President Obama's 2008 election garnered wildly enthusiastic support in Europe, where he drew huge crowds and, for many here, represented hope of guiding world politics back in line with European ideals.
But Tuesday's midterm election results zapped that optimism.
The reaction was one of disappointment and pragmatism as newspapers throughout Europe called for Obama to get to work.
"He has to take the anger of the voters seriously," Gregor Peter Schmitz wrote in the German news magazine Der Spiegel, which ran a scathing, 12-page feature Tuesday declaring that the American dream had become a nightmare for many.
"He may even have to negotiate with Republicans about measures to curb the budget deficit. The political messiah needs to eat a piece of humble pie."

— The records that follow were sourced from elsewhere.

lemma emeasure_PiM_slab_cylinder:
  assumes "finite A" "i \<notin> A" "e \<ge> 0"
  shows "emeasure (Pi\<^sub>M (insert i A) (\<lambda>_. lborel))
      ({f. \<bar>f i\<bar> \<le> e \<and> sqrt (\<Sum>j\<in>A. (f j)\<^sup>2) \<le> 1} \<inter> space (Pi\<^sub>M (insert i A) (\<lambda>_. lborel)))
    = ennreal (2 * e * unit_ball_vol (real (card A)))"
proof -
  interpret product_sigma_finite "\<lambda>_. lborel"
    by standard
  let ?C = "{f. \<bar>f i\<bar> \<le> e \<and> sqrt (\<Sum>j\<in>A. (f j)\<^sup>2) \<le> 1} \<inter> space (Pi\<^sub>M (insert i A) (\<lambda>_. lborel))"
  let ?B = "{f. sqrt (\<Sum>j\<in>A. (f j)\<^sup>2) \<le> 1} \<inter> space (Pi\<^sub>M A (\<lambda>_. lborel))"
  have "emeasure (Pi\<^sub>M (insert i A) (\<lambda>_. lborel)) ?C = (\<integral>\<^sup>+ f. indicator ?C f \<partial>Pi\<^sub>M (insert i A) (\<lambda>_. lborel))"
    by (subst nn_integral_indicator) auto
  also have "\<dots> = (\<integral>\<^sup>+ y. \<integral>\<^sup>+ x. indicator ?C (x(i := y)) \<partial>Pi\<^sub>M A (\<lambda>_. lborel) \<partial>lborel)"
    using assms by (subst product_nn_integral_insert_rev) auto
  also have "\<dots> = (\<integral>\<^sup>+ y. indicator {-e..e} y * emeasure (Pi\<^sub>M A (\<lambda>_. lborel)) ?B \<partial>lborel)"
  proof (rule nn_integral_cong)
    fix y :: real
    have "indicator ?C (x(i := y)) = indicator {-e..e} y * (indicator ?B x :: ennreal)"
      if "x \<in> space (Pi\<^sub>M A (\<lambda>_. lborel))" for x
    proof -
      have "(\<Sum>j\<in>A. ((x(i := y)) j)\<^sup>2) = (\<Sum>j\<in>A. (x j)\<^sup>2)"
        using assms by (intro sum.cong) auto
      then show ?thesis
        using that by (auto simp: indicator_def PiE_def space_PiM abs_le_iff)
    qed
    then have "(\<integral>\<^sup>+ x. indicator ?C (x(i := y)) \<partial>Pi\<^sub>M A (\<lambda>_. lborel))
        = (\<integral>\<^sup>+ x. indicator {-e..e} y * indicator ?B x \<partial>Pi\<^sub>M A (\<lambda>_. lborel))"
      by (rule nn_integral_cong)
    also have "\<dots> = indicator {-e..e} y * emeasure (Pi\<^sub>M A (\<lambda>_. lborel)) ?B"
      by (subst nn_integral_cmult) auto
    finally show "(\<integral>\<^sup>+ x. indicator ?C (x(i := y)) \<partial>Pi\<^sub>M A (\<lambda>_. lborel))
        = indicator {-e..e} y * emeasure (Pi\<^sub>M A (\<lambda>_. lborel)) ?B" .
  qed
  also have "\<dots> = (\<integral>\<^sup>+ y. ennreal (unit_ball_vol (real (card A))) * indicator {-e..e} y \<partial>lborel)"
    using assms by (subst emeasure_cball_aux) (auto simp: mult.commute)
  also have "\<dots> = ennreal (2 * e * unit_ball_vol (real (card A)))"
    using assms by (subst nn_integral_cmult) (auto simp: ennreal_mult' mult.commute)
  finally show ?thesis .
qed

lemma emeasure_unit_ball_slab_Basis:
  fixes b :: "'a::euclidean_space"
  assumes "b \<in> Basis" "e \<ge> 0"
  shows "emeasure lborel {x::'a. norm x \<le> 1 \<and> \<bar>x \<bullet> b\<bar> \<le> e}
    \<le> ennreal (2 * e * unit_ball_vol (real (DIM('a) - 1)))"
proof -
  let ?A = "Basis - {b} :: 'a set"
  let ?P = "Pi\<^sub>M Basis (\<lambda>_. lborel)"
  let ?v = "\<lambda>f. \<Sum>c\<in>Basis. f c *\<^sub>R c :: 'a"
  have "\<bar>f b\<bar> \<le> e \<and> sqrt (\<Sum>j\<in>?A. (f j)\<^sup>2) \<le> 1"
    if "norm (?v f) \<le> 1" "\<bar>?v f \<bullet> b\<bar> \<le> e" for f
  proof -
    have "norm (?v f) = sqrt (\<Sum>c\<in>Basis. (f c)\<^sup>2)"
      by (subst euclidean_dist_l2[of 0, simplified]) (auto simp: L2_set_def)
    moreover have "?v f \<bullet> b = f b"
      using assms(1) by (simp add: inner_sum_left inner_Basis if_distrib cong: if_cong)
    moreover have "(\<Sum>j\<in>?A. (f j)\<^sup>2) \<le> (\<Sum>c\<in>Basis. (f c)\<^sup>2)"
      by (intro sum_mono2) auto
    ultimately show ?thesis
      using that by (metis order_trans real_sqrt_le_mono)
  qed
  then have sub: "{f. norm (?v f) \<le> 1 \<and> \<bar>?v f \<bullet> b\<bar> \<le> e} \<inter> space ?P
      \<subseteq> {f. \<bar>f b\<bar> \<le> e \<and> sqrt (\<Sum>j\<in>?A. (f j)\<^sup>2) \<le> 1} \<inter> space ?P"
    by blast
  have "emeasure lborel {x::'a. norm x \<le> 1 \<and> \<bar>x \<bullet> b\<bar> \<le> e}
      = emeasure (distr ?P borel ?v) {x. norm x \<le> 1 \<and> \<bar>x \<bullet> b\<bar> \<le> e}"
    by (simp only: lborel_eq[where 'a='a])
  also have "\<dots> = emeasure ?P ({f. norm (?v f) \<le> 1 \<and> \<bar>?v f \<bullet> b\<bar> \<le> e} \<inter> space ?P)"
    by (subst emeasure_distr) (auto simp: vimage_def Int_def)
  also have "\<dots> \<le> emeasure ?P ({f. \<bar>f b\<bar> \<le> e \<and> sqrt (\<Sum>j\<in>?A. (f j)\<^sup>2) \<le> 1} \<inter> space ?P)"
    using sub assms(1) by (intro emeasure_mono) measurable
  also have "\<dots> = ennreal (2 * e * unit_ball_vol (real (DIM('a) - 1)))"
    using assms emeasure_PiM_slab_cylinder[of ?A b e] by (simp add: insert_absorb card_Diff_singleton)
  finally show ?thesis .
qed

lemma Gamma_plus_half_le:
  fixes x :: real
  assumes x: "x > 0"
  shows "Gamma (x + 1/2) \<le> sqrt x * Gamma x"
proof -
  have "ln (Gamma ((1 - 1/2) * x + (1/2) * (x + 1))) \<le> (1 - 1/2) * ln (Gamma x) + (1/2) * ln (Gamma (x + 1))"
    using convex_onD[OF log_convex_Gamma_real, of "1/2" x "x + 1"] x by simp
  moreover have "Gamma (x + 1) = x * Gamma x"
    using Gamma_plus1[of x] x nonpos_Ints_nonpos[of x] by force
  ultimately have "ln (Gamma (x + 1/2)) \<le> ln (sqrt x * Gamma x)"
    using x Gamma_real_pos[of x] by (simp add: ln_mult_pos ln_sqrt field_simps)
  then show ?thesis
    using x Gamma_real_pos[of x] Gamma_real_pos[of "x + 1/2"] by simp
qed

lemma unit_ball_vol_ratio_le:
  assumes d: "d \<ge> 1"
  shows "2 * unit_ball_vol (real (d - 1)) \<le> sqrt (real d) * unit_ball_vol (real d)"
proof -
  have key: "2 * Gamma (real d / 2 + 1) \<le> sqrt (real d) * sqrt pi * Gamma ((real d - 1) / 2 + 1)"
  proof (cases "d = 1")
    case True
    have "(1/2 :: real) \<notin> \<int>\<^sub>\<le>\<^sub>0"
      using nonpos_Ints_nonpos by force
    then have "Gamma (3/2 :: real) = sqrt pi / 2"
      using Gamma_plus1[of "1/2::real"] by (simp add: Gamma_one_half_real)
    then show ?thesis
      using True by simp
  next
    case False
    let ?x = "(real d + 1) / 2"
    have "(2 * sqrt ?x)\<^sup>2 = 2 * (real d + 1)"
      by (simp add: power_mult_distrib)
    also have "\<dots> \<le> real d * 3"
      using False d by simp
    also have "\<dots> \<le> real d * pi"
      using pi_gt3 by (intro mult_left_mono) auto
    also have "\<dots> = (sqrt (real d) * sqrt pi)\<^sup>2"
      by (simp add: power_mult_distrib)
    finally have "2 * sqrt ?x \<le> sqrt (real d) * sqrt pi"
      by (rule power2_le_imp_le) simp
    have "2 * Gamma (real d / 2 + 1) = 2 * Gamma (?x + 1/2)"
      by (simp add: field_simps)
    also have "\<dots> \<le> 2 * sqrt ?x * Gamma ?x"
      using Gamma_plus_half_le[of ?x] by simp
    also have "\<dots> \<le> sqrt (real d) * sqrt pi * Gamma ?x"
      using \<open>2 * sqrt ?x \<le> sqrt (real d) * sqrt pi\<close> Gamma_real_pos[of ?x]
      by (intro mult_right_mono) auto
    also have "?x = (real d - 1) / 2 + 1"
      by (simp add: field_simps)
    finally show ?thesis .
  qed
  have pi: "pi powr ((real d - 1) / 2) = pi powr (real d / 2) / sqrt pi"
    by (simp add: diff_divide_distrib powr_diff powr_half_sqrt)
  have "Gamma ((real d - 1) / 2 + 1) > 0" "Gamma (real d / 2 + 1) > 0"
    using d by (auto simp: field_simps)
  then have "2 * (pi powr (real d / 2) / sqrt pi) / Gamma ((real d - 1) / 2 + 1)
      \<le> sqrt (real d) * (pi powr (real d / 2) / Gamma (real d / 2 + 1))"
    using key by (simp add: field_simps)
  then show ?thesis
    using d by (simp add: unit_ball_vol_def pi)
qed

lemma measure_unit_ball_slab_le:
  fixes u :: "real^'n"
  assumes u: "norm u = 1" and e: "e \<ge> 0"
  shows "measure lborel {x. norm x \<le> 1 \<and> \<bar>u \<bullet> x\<bar> \<le> e}
    \<le> e * sqrt (real CARD('n)) * unit_ball_vol (real CARD('n))"
proof -
  obtain b :: 'n where True by blast
  obtain T :: "real^'n \<Rightarrow> real^'n" where T: "orthogonal_transformation T" "T u = axis b 1"
    using orthogonal_transformation_exists[of u "axis b 1"] u by auto
  let ?S = "{x::real^'n. norm x \<le> 1 \<and> \<bar>x \<bullet> axis b 1\<bar> \<le> e}"
  have "T x \<bullet> axis b 1 = u \<bullet> x" for x
    using T unfolding orthogonal_transformation_def by (metis inner_commute)
  then have pre: "T -` ?S \<inter> space lborel = {x. norm x \<le> 1 \<and> \<bar>u \<bullet> x\<bar> \<le> e}"
    using T(1) by (auto simp: orthogonal_transformation_norm)
  have "?S \<in> sets borel"
    by measurable
  then have "measure lborel {x. norm x \<le> 1 \<and> \<bar>u \<bullet> x\<bar> \<le> e} = measure (distr lborel borel T) ?S"
    unfolding pre[symmetric] using borel_measurable_linear[OF orthogonal_transformation_linear[OF T(1)]]
    by (subst measure_distr) simp_all
  also have "\<dots> = measure lborel ?S"
    by (simp add: lborel_distr_orthogonal T(1))
  also have "\<dots> \<le> 2 * e * unit_ball_vol (real (CARD('n) - 1))"
    unfolding measure_def using e emeasure_unit_ball_slab_Basis[of "axis b (1::real)" e]
    by (intro enn2real_leI) auto
  also have "\<dots> \<le> e * (sqrt (real CARD('n)) * unit_ball_vol (real CARD('n)))"
    using mult_left_mono[OF unit_ball_vol_ratio_le[of "CARD('n)"] e] by (simp add: Suc_leI)
  finally show ?thesis
    by (simp add: mult.assoc)
qed

lemma prob_space_sphere_uniform: "prob_space sphere_uniform"
proof -
  have "unit_ball_vol (real CARD('d)) \<noteq> 0"
    using unit_ball_vol_pos[OF of_nat_0_le_iff[of "CARD('d)"]] by linarith
  then have "emeasure lborel (cball (0::real^'d) 1) \<noteq> 0" "emeasure lborel (cball (0::real^'d) 1) \<noteq> \<infinity>"
    by (simp_all add: emeasure_cball)
  then interpret U: prob_space "uniform_measure lborel (cball (0::real^'d) 1)"
    by (rule prob_space_uniform_measure)
  show ?thesis
    unfolding sphere_uniform_def by (rule U.prob_space_distr) measurable
qed

lemma sets_sphere_uniform_slab: "{s::real^'d. \<bar>v \<bullet> s\<bar> < c} \<in> sets sphere_uniform"
proof -
  have "{s::real^'d. \<bar>v \<bullet> s\<bar> < c} \<in> sets borel"
    by measurable
  then show ?thesis
    by (simp add: sphere_uniform_def)
qed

Papers in London offered similar criticism. The midterm election was watched closely here and most of today's front pages splashed news of the results.
"Much of his fate is in his own hands," Jonathan Freedland wrote in the Guardian newspaper.
The Times, of London, wrote that Obama will be "doomed" if he doesn't embrace the center and cautioned that far right politics may soon dominate U.S. politics.
As for the Tea Party, Sarah Palin regularly makes headlines here and most Europeans have a deep sense of mistrust of the emerging movement. While many Americans view the Tea Party with suspicion, the reaction here is far more visceral.
"Most Europeans just have the notion that these are crazy wackos," said Bill Barnard, chairman of Great Britain's Democrats Abroad.
But Barnard said he thinks some of the Tea Party candidates were serious contenders that will challenge Republican unity. "The Republican Party is set up for a continuing struggle for control within the party," he said
Emerging in European papers today was an urge to protect America from a wave of far right Republicans who could gain traction for the next presidential election.
The Times declared that Republicans were now tasked with stopping Palin if they wanted to prevent "their party from spinning unelectably to the right" for 2012.
"A lot of Europeans do not really understand the Palin phenomenon," said Peter Kurrild-Klitgaard, a political scientist at the University of Copenhagen.
Obama is the most popular U.S. president of all time in Denmark, and that it's hard for Danes to understand how Palin has gained such popularity with such a lack of political experience, Kurrild-Klitgaard said.
Obama will visit Asia next week but, according to Secretary of State Hillary Clinton, he may have wished he had jetted off sooner.
Clinton, who is currently in Papua New Guinea on her two-week, Asia-Pacific trip, joked earlier this week about escaping the heat of U.S. soil during the election, saying Obama told her he was "a little envious that I'm here."
U.S. foreign policy goals aren't expected to change after the shift in congressional power, but Obama may find that he's greeted with somewhat less support internationally.
As professor Kurrild-Klitgaard pointed out, "There's a growing understanding that all this talk about hope and change was a little too fluffy and a little to unspecific.
"He was selling sort of an abstract hope."